◆ ACTIVITY
Quote the records below word for word, please, from the very first line through the one that contains "0 \<Longrightarrow> is_path", and nothing beyond it.

Saved entries
=== Section Start ===
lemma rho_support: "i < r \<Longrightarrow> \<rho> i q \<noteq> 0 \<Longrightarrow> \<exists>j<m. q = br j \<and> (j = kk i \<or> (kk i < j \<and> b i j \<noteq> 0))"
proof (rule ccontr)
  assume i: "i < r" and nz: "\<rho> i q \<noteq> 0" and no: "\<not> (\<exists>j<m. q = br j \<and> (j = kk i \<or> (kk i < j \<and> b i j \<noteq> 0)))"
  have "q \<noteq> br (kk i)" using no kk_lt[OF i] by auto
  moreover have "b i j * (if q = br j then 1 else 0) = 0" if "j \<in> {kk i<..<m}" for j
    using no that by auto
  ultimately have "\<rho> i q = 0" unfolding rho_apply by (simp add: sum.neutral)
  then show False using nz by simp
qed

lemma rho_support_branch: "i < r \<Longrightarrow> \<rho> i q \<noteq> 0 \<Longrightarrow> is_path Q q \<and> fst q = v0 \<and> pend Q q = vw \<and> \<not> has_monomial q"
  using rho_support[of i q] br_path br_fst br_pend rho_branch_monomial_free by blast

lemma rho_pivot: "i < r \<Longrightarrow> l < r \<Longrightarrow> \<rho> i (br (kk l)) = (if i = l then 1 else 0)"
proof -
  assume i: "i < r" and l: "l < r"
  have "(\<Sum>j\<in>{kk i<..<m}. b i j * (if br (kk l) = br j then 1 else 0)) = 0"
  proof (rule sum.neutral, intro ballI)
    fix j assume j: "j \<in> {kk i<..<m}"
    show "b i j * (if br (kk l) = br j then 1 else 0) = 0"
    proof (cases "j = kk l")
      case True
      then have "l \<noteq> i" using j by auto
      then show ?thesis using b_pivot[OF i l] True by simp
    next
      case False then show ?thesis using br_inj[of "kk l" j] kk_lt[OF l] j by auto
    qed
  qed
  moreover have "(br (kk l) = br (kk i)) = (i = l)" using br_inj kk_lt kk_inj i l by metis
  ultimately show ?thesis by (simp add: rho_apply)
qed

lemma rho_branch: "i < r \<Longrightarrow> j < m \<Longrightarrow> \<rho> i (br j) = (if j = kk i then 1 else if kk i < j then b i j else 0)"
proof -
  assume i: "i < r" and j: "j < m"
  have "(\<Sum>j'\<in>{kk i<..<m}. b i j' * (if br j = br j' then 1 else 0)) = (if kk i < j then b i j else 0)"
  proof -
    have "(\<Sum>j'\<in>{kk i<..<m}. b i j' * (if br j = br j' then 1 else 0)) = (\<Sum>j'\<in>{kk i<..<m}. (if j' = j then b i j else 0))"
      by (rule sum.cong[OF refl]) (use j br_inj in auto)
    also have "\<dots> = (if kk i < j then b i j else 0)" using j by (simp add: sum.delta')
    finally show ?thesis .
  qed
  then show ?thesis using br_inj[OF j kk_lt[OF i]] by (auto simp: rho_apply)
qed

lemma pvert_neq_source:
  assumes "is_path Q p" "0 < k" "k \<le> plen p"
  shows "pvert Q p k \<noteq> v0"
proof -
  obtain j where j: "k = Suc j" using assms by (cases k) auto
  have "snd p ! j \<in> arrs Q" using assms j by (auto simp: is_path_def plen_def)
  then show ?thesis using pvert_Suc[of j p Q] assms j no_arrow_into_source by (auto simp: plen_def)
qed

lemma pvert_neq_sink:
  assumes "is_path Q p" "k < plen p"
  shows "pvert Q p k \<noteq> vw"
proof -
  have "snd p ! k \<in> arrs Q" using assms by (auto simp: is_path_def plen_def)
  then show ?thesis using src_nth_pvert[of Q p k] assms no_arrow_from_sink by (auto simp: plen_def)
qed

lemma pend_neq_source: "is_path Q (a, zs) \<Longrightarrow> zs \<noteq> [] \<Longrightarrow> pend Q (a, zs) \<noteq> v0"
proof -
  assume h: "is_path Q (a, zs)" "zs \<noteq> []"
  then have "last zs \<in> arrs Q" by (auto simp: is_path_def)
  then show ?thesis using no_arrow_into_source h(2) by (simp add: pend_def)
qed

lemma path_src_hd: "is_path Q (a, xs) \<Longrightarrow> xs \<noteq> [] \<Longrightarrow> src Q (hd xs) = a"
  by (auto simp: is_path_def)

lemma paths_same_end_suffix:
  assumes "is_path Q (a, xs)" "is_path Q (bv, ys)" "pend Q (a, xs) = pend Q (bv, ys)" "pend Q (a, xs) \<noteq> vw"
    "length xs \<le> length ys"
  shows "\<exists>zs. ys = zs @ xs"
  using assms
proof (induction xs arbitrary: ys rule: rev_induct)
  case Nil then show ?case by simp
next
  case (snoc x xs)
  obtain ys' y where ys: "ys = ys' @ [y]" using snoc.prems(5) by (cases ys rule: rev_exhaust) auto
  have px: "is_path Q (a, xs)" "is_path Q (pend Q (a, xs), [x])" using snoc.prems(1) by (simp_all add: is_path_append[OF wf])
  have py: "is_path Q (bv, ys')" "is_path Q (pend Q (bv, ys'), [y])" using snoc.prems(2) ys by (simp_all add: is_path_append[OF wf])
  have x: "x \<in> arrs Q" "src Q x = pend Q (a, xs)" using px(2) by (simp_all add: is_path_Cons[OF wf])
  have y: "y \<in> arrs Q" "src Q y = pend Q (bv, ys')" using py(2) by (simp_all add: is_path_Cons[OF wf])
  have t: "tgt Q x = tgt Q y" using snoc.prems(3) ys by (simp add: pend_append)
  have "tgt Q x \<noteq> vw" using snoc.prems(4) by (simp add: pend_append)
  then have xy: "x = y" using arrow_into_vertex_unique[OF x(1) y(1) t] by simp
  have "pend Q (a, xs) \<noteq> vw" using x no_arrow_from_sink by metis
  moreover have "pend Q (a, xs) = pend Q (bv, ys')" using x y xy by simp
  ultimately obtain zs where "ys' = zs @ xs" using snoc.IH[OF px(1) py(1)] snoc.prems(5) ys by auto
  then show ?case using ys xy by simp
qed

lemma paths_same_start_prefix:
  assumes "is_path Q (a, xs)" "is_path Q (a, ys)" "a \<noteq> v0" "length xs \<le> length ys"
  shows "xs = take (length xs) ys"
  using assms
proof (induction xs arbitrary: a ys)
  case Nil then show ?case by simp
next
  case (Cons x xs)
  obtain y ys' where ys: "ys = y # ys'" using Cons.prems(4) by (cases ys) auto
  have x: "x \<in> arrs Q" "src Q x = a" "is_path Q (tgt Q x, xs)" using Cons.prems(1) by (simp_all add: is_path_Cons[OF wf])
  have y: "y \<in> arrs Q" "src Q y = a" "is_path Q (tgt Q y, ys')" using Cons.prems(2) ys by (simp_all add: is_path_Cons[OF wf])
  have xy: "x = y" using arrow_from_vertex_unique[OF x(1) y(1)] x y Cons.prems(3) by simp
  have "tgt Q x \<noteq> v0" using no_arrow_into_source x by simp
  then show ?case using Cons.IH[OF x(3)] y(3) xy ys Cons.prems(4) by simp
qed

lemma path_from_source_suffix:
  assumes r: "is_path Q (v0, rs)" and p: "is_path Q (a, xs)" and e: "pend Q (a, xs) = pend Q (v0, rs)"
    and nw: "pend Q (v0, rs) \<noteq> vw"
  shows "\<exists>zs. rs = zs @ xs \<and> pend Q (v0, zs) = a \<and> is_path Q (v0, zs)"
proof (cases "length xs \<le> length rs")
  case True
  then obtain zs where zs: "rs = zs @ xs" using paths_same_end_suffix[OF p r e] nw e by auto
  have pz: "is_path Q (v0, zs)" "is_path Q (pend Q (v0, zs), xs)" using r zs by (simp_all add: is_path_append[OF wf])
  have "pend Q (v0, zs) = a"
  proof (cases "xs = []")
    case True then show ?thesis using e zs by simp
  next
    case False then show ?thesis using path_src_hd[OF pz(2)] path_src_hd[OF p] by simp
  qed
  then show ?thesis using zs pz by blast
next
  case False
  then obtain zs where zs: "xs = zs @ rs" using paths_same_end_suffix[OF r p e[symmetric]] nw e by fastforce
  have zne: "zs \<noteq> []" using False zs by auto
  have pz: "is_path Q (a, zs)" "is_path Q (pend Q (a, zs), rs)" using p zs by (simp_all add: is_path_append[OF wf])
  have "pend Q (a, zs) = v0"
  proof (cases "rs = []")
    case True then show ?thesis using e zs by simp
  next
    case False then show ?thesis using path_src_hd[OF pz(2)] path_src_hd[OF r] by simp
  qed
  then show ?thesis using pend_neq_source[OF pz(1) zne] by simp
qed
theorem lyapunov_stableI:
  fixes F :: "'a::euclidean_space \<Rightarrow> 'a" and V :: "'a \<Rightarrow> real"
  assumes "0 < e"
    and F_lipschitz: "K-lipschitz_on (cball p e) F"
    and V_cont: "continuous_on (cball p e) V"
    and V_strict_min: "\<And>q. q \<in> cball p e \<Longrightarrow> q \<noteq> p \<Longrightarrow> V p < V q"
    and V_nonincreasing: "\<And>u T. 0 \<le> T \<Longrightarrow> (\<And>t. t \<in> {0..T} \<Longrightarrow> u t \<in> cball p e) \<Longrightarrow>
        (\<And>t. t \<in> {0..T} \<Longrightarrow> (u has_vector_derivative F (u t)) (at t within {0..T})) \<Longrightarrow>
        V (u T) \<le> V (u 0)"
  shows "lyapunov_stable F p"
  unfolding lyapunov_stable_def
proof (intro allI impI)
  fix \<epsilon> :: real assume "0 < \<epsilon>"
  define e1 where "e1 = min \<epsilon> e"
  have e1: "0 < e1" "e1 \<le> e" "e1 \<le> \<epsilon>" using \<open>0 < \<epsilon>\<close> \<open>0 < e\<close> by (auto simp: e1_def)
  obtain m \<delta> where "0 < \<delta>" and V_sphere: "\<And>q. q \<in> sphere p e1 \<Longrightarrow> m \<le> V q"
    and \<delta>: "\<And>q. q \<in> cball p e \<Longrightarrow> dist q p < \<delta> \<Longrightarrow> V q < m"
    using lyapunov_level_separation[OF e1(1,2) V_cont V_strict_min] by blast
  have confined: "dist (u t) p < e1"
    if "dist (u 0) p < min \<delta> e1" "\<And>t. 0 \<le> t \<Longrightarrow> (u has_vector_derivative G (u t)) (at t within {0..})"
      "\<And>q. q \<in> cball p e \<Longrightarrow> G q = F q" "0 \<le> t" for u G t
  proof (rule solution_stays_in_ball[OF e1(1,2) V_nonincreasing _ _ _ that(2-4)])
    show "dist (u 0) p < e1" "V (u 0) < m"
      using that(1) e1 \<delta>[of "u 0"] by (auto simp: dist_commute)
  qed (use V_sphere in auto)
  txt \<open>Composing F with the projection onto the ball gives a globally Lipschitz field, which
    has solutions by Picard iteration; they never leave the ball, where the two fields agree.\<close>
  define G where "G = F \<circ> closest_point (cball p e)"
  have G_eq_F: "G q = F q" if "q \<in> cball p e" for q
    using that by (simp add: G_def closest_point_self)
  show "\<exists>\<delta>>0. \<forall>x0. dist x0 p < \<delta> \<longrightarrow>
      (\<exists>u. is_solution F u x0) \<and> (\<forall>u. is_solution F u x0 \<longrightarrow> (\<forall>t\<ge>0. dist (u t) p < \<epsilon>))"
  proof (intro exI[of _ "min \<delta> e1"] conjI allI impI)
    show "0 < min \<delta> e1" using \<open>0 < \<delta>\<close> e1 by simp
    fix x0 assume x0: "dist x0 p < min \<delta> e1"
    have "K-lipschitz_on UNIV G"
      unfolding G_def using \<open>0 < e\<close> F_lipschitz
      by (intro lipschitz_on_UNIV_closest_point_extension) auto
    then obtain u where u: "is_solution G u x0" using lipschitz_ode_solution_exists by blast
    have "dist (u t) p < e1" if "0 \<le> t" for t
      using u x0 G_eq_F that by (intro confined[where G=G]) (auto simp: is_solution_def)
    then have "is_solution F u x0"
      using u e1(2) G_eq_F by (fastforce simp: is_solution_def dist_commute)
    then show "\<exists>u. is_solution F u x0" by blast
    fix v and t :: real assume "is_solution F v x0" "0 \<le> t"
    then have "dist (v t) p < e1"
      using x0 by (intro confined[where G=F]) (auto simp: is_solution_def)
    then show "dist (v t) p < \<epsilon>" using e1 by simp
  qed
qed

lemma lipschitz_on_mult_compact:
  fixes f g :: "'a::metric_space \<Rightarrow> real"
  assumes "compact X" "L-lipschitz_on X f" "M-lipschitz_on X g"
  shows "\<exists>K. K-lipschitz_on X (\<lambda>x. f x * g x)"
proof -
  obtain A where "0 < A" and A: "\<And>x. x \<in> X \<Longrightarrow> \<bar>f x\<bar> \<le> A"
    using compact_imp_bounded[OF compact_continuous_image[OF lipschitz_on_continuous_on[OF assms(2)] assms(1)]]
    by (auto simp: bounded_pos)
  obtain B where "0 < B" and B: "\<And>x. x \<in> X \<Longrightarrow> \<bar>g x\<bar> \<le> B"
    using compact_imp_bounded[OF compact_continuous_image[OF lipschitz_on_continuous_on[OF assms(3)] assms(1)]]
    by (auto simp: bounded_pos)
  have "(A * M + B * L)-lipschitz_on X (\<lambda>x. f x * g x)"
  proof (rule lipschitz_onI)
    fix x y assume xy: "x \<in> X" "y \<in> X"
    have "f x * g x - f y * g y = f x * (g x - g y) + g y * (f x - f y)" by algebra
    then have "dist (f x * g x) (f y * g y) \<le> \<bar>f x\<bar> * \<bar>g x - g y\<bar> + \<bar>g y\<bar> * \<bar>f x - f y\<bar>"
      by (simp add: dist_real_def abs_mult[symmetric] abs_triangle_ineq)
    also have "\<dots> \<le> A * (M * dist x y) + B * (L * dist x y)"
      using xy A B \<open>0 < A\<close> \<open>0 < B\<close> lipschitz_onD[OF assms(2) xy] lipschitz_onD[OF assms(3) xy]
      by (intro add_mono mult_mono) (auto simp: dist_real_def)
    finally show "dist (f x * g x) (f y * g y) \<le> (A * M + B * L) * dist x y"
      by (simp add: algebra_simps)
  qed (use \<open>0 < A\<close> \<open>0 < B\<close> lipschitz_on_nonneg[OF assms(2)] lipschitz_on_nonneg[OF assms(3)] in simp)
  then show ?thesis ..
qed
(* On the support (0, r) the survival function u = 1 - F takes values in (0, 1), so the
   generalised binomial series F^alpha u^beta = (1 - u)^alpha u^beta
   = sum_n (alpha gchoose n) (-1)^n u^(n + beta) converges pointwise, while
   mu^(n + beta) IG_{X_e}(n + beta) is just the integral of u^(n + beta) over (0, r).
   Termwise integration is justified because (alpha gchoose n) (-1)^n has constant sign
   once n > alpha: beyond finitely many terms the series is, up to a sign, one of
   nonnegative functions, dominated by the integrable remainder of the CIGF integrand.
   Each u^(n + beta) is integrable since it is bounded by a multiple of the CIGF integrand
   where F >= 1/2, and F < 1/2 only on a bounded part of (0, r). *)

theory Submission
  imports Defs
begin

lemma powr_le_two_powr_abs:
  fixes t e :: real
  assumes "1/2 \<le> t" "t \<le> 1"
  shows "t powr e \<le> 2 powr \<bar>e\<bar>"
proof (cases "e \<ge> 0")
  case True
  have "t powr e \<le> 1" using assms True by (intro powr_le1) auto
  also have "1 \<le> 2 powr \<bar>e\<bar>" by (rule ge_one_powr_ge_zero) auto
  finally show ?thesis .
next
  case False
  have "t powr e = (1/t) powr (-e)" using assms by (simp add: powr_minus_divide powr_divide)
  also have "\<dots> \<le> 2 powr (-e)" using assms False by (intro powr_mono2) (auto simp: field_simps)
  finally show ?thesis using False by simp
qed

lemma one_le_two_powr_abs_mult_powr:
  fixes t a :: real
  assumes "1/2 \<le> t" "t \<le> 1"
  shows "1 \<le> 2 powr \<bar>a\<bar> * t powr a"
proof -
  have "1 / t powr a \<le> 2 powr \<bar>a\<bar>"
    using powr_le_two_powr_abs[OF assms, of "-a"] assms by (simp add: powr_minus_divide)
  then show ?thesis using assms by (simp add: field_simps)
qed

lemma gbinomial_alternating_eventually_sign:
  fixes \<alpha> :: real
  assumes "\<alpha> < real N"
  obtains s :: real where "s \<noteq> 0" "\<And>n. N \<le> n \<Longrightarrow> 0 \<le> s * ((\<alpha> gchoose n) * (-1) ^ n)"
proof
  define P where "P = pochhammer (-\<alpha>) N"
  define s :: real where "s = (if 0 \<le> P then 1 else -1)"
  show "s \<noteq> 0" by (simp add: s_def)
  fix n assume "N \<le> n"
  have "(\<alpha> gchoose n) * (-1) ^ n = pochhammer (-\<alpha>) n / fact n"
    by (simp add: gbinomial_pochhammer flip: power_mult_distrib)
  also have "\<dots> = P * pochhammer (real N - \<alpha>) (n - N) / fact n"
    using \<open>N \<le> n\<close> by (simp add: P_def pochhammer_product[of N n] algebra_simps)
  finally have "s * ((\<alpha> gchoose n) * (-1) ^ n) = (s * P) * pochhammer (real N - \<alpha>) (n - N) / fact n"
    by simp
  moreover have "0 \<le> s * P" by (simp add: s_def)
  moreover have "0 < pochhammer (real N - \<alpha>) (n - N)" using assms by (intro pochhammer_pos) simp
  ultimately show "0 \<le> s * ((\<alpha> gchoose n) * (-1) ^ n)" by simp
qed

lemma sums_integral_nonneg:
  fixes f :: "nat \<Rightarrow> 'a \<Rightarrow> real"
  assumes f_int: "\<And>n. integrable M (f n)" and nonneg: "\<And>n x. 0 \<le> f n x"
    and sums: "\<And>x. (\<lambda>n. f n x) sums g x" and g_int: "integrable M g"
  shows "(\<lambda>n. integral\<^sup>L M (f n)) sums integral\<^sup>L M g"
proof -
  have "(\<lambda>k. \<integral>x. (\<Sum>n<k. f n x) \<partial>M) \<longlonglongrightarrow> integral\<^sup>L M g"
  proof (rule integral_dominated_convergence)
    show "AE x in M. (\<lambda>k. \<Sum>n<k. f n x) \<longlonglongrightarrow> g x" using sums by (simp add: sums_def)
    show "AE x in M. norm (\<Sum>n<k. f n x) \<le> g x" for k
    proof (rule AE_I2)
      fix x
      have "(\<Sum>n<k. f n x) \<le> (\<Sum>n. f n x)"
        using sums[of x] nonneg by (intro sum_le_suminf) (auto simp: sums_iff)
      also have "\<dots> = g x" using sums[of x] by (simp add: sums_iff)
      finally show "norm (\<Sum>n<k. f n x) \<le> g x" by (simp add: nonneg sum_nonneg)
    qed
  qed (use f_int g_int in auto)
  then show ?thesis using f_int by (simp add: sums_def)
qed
=== Section End ===
◆ EXERCISE SOLUTION
lemma rho_support: "i < r \<Longrightarrow> \<rho> i q \<noteq> 0 \<Longrightarrow> \<exists>j<m. q = br j \<and> (j = kk i \<or> (kk i < j \<and> b i j \<noteq> 0))"
proof (rule ccontr)
  assume i: "i < r" and nz: "\<rho> i q \<noteq> 0" and no: "\<not> (\<exists>j<m. q = br j \<and> (j = kk i \<or> (kk i < j \<and> b i j \<noteq> 0)))"
  have "q \<noteq> br (kk i)" using no kk_lt[OF i] by auto
  moreover have "b i j * (if q = br j then 1 else 0) = 0" if "j \<in> {kk i<..<m}" for j
    using no that by auto
  ultimately have "\<rho> i q = 0" unfolding rho_apply by (simp add: sum.neutral)
  then show False using nz by simp
qed

lemma rho_support_branch: "i < r \<Longrightarrow> \<rho> i q \<noteq> 0 \<Longrightarrow> is_path Q q \<and> fst q = v0 \<and> pend Q q = vw \<and> \<not> has_monomial q"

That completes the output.